■ Material shown
(* Let $S$ be a finite set, let $\mathcal{G}\subseteq 2^S$ be connected, and let $\mathcal{C}\subseteq\mathcal{G}$ satisfy $|\mathcal{C}|\neq|\chi(\mathcal{C})|$. Then there exist $X,X'\in\mathcal{C}$ with $(-1)^{|X|}\neq(-1)^{|X'|}$ and a simple path $X=X_0 - X_1 - \cdots - X_{n+1}=X'$ in $G_S$ all of whose nodes lie in $\mathcal{G}$, such that $X_i\notin\mathcal{C}$ for $1\le i\le n$.
   Context: An adjacent pair of $2^S$ is a set $\{X,X\setminus\{x\}\}$ with $X\subseteq S$, $x\in X$. $G_S$ is the undirected graph on vertex set $2^S$ whose edges are the adjacent pairs; $\mathcal{G}\subseteq 2^S$ is connected if it induces a connected subgraph of $G_S$. For a family $\mathcal{D}$ of finite sets, $\chi(\mathcal{D})=\sum_{Y\in\mathcal{D}}(-1)^{|Y|}$. *)

theory Defs
  imports Main
begin

definition adjacent :: "'a set \<Rightarrow> 'a set \<Rightarrow> 'a set \<Rightarrow> bool" where
  "adjacent S X Y \<longleftrightarrow> X \<subseteq> S \<and> Y \<subseteq> S \<and>
     ((\<exists>x\<in>X. Y = X - {x}) \<or> (\<exists>y\<in>Y. X = Y - {y}))"

definition is_walk :: "'a set \<Rightarrow> 'a set list \<Rightarrow> bool" where
  "is_walk S xs \<longleftrightarrow> xs \<noteq> [] \<and> (\<forall>i. Suc i < length xs \<longrightarrow> adjacent S (xs ! i) (xs ! Suc i))"

definition connected_family :: "'a set \<Rightarrow> 'a set set \<Rightarrow> bool" where
  "connected_family S \<G> \<longleftrightarrow> \<G> \<subseteq> Pow S \<and>
     (\<forall>A\<in>\<G>. \<forall>B\<in>\<G>. \<exists>xs. is_walk S xs \<and> set xs \<subseteq> \<G> \<and> hd xs = A \<and> last xs = B)"

definition euler_char :: "'a set set \<Rightarrow> int" where
  "euler_char \<D> = (\<Sum>Y\<in>\<D>. (-1) ^ card Y)"

end

theory Submission
  imports Defs
begin

text \<open>Among all walks inside \<open>\<G>\<close> joining two members of \<open>\<C>\<close> of opposite parity, take a
  shortest one. It is a simple path, since a repeated node would let us cut out a cycle, and no
  interior node lies in \<open>\<C>\<close>: such a node differs in parity from one of the two ends, and the
  sub-walk from it to that end would be shorter. Members of opposite parity exist because a
  family whose members all have the same parity has \<open>|\<chi>(\<C>)| = |\<C>|\<close>.\<close>

lemma is_walk_singleton [simp]: "is_walk S [x]"
  by (simp add: is_walk_def)

lemma is_walk_Cons_Cons: "is_walk S (x # y # ys) \<longleftrightarrow> adjacent S x y \<and> is_walk S (y # ys)"
proof
  assume walk: "is_walk S (x # y # ys)"
  have "adjacent S ((y # ys) ! i) ((y # ys) ! Suc i)" if "Suc i < length (y # ys)" for i
    using walk that unfolding is_walk_def by (metis Suc_less_eq length_Cons nth_Cons_Suc)
  then show "adjacent S x y \<and> is_walk S (y # ys)"
    using walk unfolding is_walk_def by force
next
  assume "adjacent S x y \<and> is_walk S (y # ys)"
  then show "is_walk S (x # y # ys)"
    unfolding is_walk_def by (auto simp: nth_Cons split: nat.split)
qed

lemma is_walk_append_Cons:
  "is_walk S (xs @ [a]) \<Longrightarrow> is_walk S (a # zs) \<Longrightarrow> is_walk S (xs @ a # zs)"
proof (induction xs)
  case (Cons x xs)
  then show ?case by (cases xs) (auto simp: is_walk_Cons_Cons)
qed simp

lemma is_walk_take: "is_walk S xs \<Longrightarrow> 0 < k \<Longrightarrow> is_walk S (take k xs)"
  by (auto simp: is_walk_def)

lemma is_walk_drop: "is_walk S xs \<Longrightarrow> k < length xs \<Longrightarrow> is_walk S (drop k xs)"
  by (auto simp: is_walk_def)

lemma is_walk_remove_cycle:
  assumes "is_walk S (xs @ [a] @ ys @ [a] @ zs)"
  shows "is_walk S (xs @ [a] @ zs)"
proof -
  have "is_walk S (xs @ [a])"
    using is_walk_take[OF assms, of "Suc (length xs)"] by simp
  moreover have "is_walk S (a # zs)"
    using is_walk_drop[OF assms, of "Suc (length xs + length ys)"] by simp
  ultimately show ?thesis
    using is_walk_append_Cons by fastforce
qed

lemma euler_char_opposite_parity_members:
  assumes "int (card \<C>) \<noteq> \<bar>euler_char \<C>\<bar>"
  shows "\<exists>X\<in>\<C>. \<exists>Y\<in>\<C>. (-1::int) ^ card X \<noteq> (-1) ^ card Y"
proof (rule ccontr)
  assume same_parity: "\<not> ?thesis"
  have "\<C> \<noteq> {}"
    using assms by (auto simp: euler_char_def)
  then obtain X where X: "X \<in> \<C>" by blast
  have "euler_char \<C> = (\<Sum>Y\<in>\<C>. (-1::int) ^ card X)"
    unfolding euler_char_def using same_parity X by (intro sum.cong) blast+
  also have "\<dots> = int (card \<C>) * (-1) ^ card X"
    by simp
  finally have "\<bar>euler_char \<C>\<bar> = int (card \<C>)"
    by (simp only: abs_mult power_abs abs_neg_one power_one abs_of_nat mult_1_right)
  with assms show False
    by simp
qed

definition label_changing_walk ::
    "'a set \<Rightarrow> 'a set set \<Rightarrow> ('a set \<Rightarrow> 'b) \<Rightarrow> 'a set list \<Rightarrow> bool" where
  "label_changing_walk S \<C> p xs \<longleftrightarrow>
     is_walk S xs \<and> hd xs \<in> \<C> \<and> last xs \<in> \<C> \<and> p (hd xs) \<noteq> p (last xs)"

lemma label_changing_walk_length:
  assumes "label_changing_walk S \<C> p xs"
  shows "2 \<le> length xs"
proof -
  have "xs \<noteq> []" "hd xs \<noteq> last xs"
    using assms by (auto simp: label_changing_walk_def is_walk_def)
  then show ?thesis
    by (cases xs) (auto simp: Suc_le_eq)
qed

lemma label_changing_walk_shortcut_interior:
  assumes walk: "label_changing_walk S \<C> p xs"
    and i: "0 < i" "i < length xs - 1" and member: "xs ! i \<in> \<C>"
  shows "\<exists>ys. label_changing_walk S \<C> p ys \<and> length ys < length xs \<and> set ys \<subseteq> set xs"
proof (cases "p (xs ! i) = p (hd xs)")
  case True
  have "hd (drop i xs) = xs ! i" "last (drop i xs) = last xs"
    using i by (auto simp: hd_drop_conv_nth)
  then have "label_changing_walk S \<C> p (drop i xs)"
    using walk i True member by (auto simp: label_changing_walk_def intro: is_walk_drop)
  then show ?thesis
    using i by (intro exI[of _ "drop i xs"]) (auto simp: set_drop_subset)
next
  case False
  have "last (take (Suc i) xs) = xs ! i"
    using i by (simp add: take_Suc_conv_app_nth)
  then have "label_changing_walk S \<C> p (take (Suc i) xs)"
    using walk i False member by (auto simp: label_changing_walk_def intro: is_walk_take)
  then show ?thesis
    using i by (intro exI[of _ "take (Suc i) xs"]) (auto simp: set_take_subset)
qed

lemma label_changing_walk_remove_cycle:
  assumes walk: "label_changing_walk S \<C> p xs" and "\<not> distinct xs"
  shows "\<exists>ys. label_changing_walk S \<C> p ys \<and> length ys < length xs \<and> set ys \<subseteq> set xs"
proof -
  obtain as a bs cs where xs: "xs = as @ [a] @ bs @ [a] @ cs"
    using \<open>\<not> distinct xs\<close> not_distinct_decomp by blast
  have "hd (as @ [a] @ cs) = hd xs" "last (as @ [a] @ cs) = last xs"
    unfolding xs by (cases as; cases cs; simp)+
  then have "label_changing_walk S \<C> p (as @ [a] @ cs)"
    using walk is_walk_remove_cycle unfolding label_changing_walk_def xs by metis
  then show ?thesis
    unfolding xs by (intro exI[of _ "as @ [a] @ cs"]) auto
qed

lemma shortest_label_changing_walk:
  assumes "label_changing_walk S \<C> p xs"
  shows "\<exists>ys. label_changing_walk S \<C> p ys \<and> distinct ys \<and> set ys \<subseteq> set xs \<and>
           (\<forall>i. 1 \<le> i \<and> i < length ys - 1 \<longrightarrow> ys ! i \<notin> \<C>)"
  using assms
proof (induction "length xs" arbitrary: xs rule: less_induct)
  case less
  show ?case
  proof (cases "distinct xs \<and> (\<forall>i. 1 \<le> i \<and> i < length xs - 1 \<longrightarrow> xs ! i \<notin> \<C>)")
    case True
    then show ?thesis using less.prems by blast
  next
    case False
    then consider "\<not> distinct xs" | i where "0 < i" "i < length xs - 1" "xs ! i \<in> \<C>"
      by fastforce
    then obtain ys where "label_changing_walk S \<C> p ys" "length ys < length xs" "set ys \<subseteq> set xs"
      using label_changing_walk_remove_cycle label_changing_walk_shortcut_interior less.prems
      by cases blast+
    then show ?thesis
      using less.hyps by (meson order_trans)
  qed
qed

theorem lemma6p9:
  fixes S :: "'a set" and \<G> \<C> :: "'a set set"
  assumes "finite S"
    and "\<G> \<subseteq> Pow S"
    and "connected_family S \<G>"
    and "\<C> \<subseteq> \<G>"
    and "int (card \<C>) \<noteq> \<bar>euler_char \<C>\<bar>"
  shows "\<exists>X\<in>\<C>. \<exists>X'\<in>\<C>. ((-1::int) ^ card X \<noteq> (-1) ^ card X') \<and>
           (\<exists>xs. is_walk S xs \<and> distinct xs \<and> length xs \<ge> 2 \<and>
                 hd xs = X \<and> last xs = X' \<and> set xs \<subseteq> \<G> \<and>
                 (\<forall>i. 1 \<le> i \<and> i < length xs - 1 \<longrightarrow> xs ! i \<notin> \<C>))"
proof -
  define parity where "parity X = (-1::int) ^ card X" for X :: "'a set"
  obtain X0 X1 where X: "X0 \<in> \<C>" "X1 \<in> \<C>" "parity X0 \<noteq> parity X1"
    using euler_char_opposite_parity_members[OF assms(5)] unfolding parity_def by blast
  have "X0 \<in> \<G>" "X1 \<in> \<G>"
    using X assms(4) by auto
  then obtain ws where "is_walk S ws" "set ws \<subseteq> \<G>" "hd ws = X0" "last ws = X1"
    using assms(3) unfolding connected_family_def by (elim conjE ballE exE) auto
  with X have "label_changing_walk S \<C> parity ws"
    by (simp add: label_changing_walk_def)
  then obtain xs where xs: "label_changing_walk S \<C> parity xs" "distinct xs" "set xs \<subseteq> set ws"
      "\<forall>i. 1 \<le> i \<and> i < length xs - 1 \<longrightarrow> xs ! i \<notin> \<C>"
    using shortest_label_changing_walk by blast
  moreover have "set xs \<subseteq> \<G>"
    using xs(3) \<open>set ws \<subseteq> \<G>\<close> by blast
  moreover have "2 \<le> length xs"
    using xs(1) by (rule label_changing_walk_length)
  ultimately show ?thesis
    unfolding label_changing_walk_def parity_def by blast
qed

end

■ Exercise prompt
In the records above, how many lines contain the string "unfolding"? Only that number should be written.

■ Final answer
10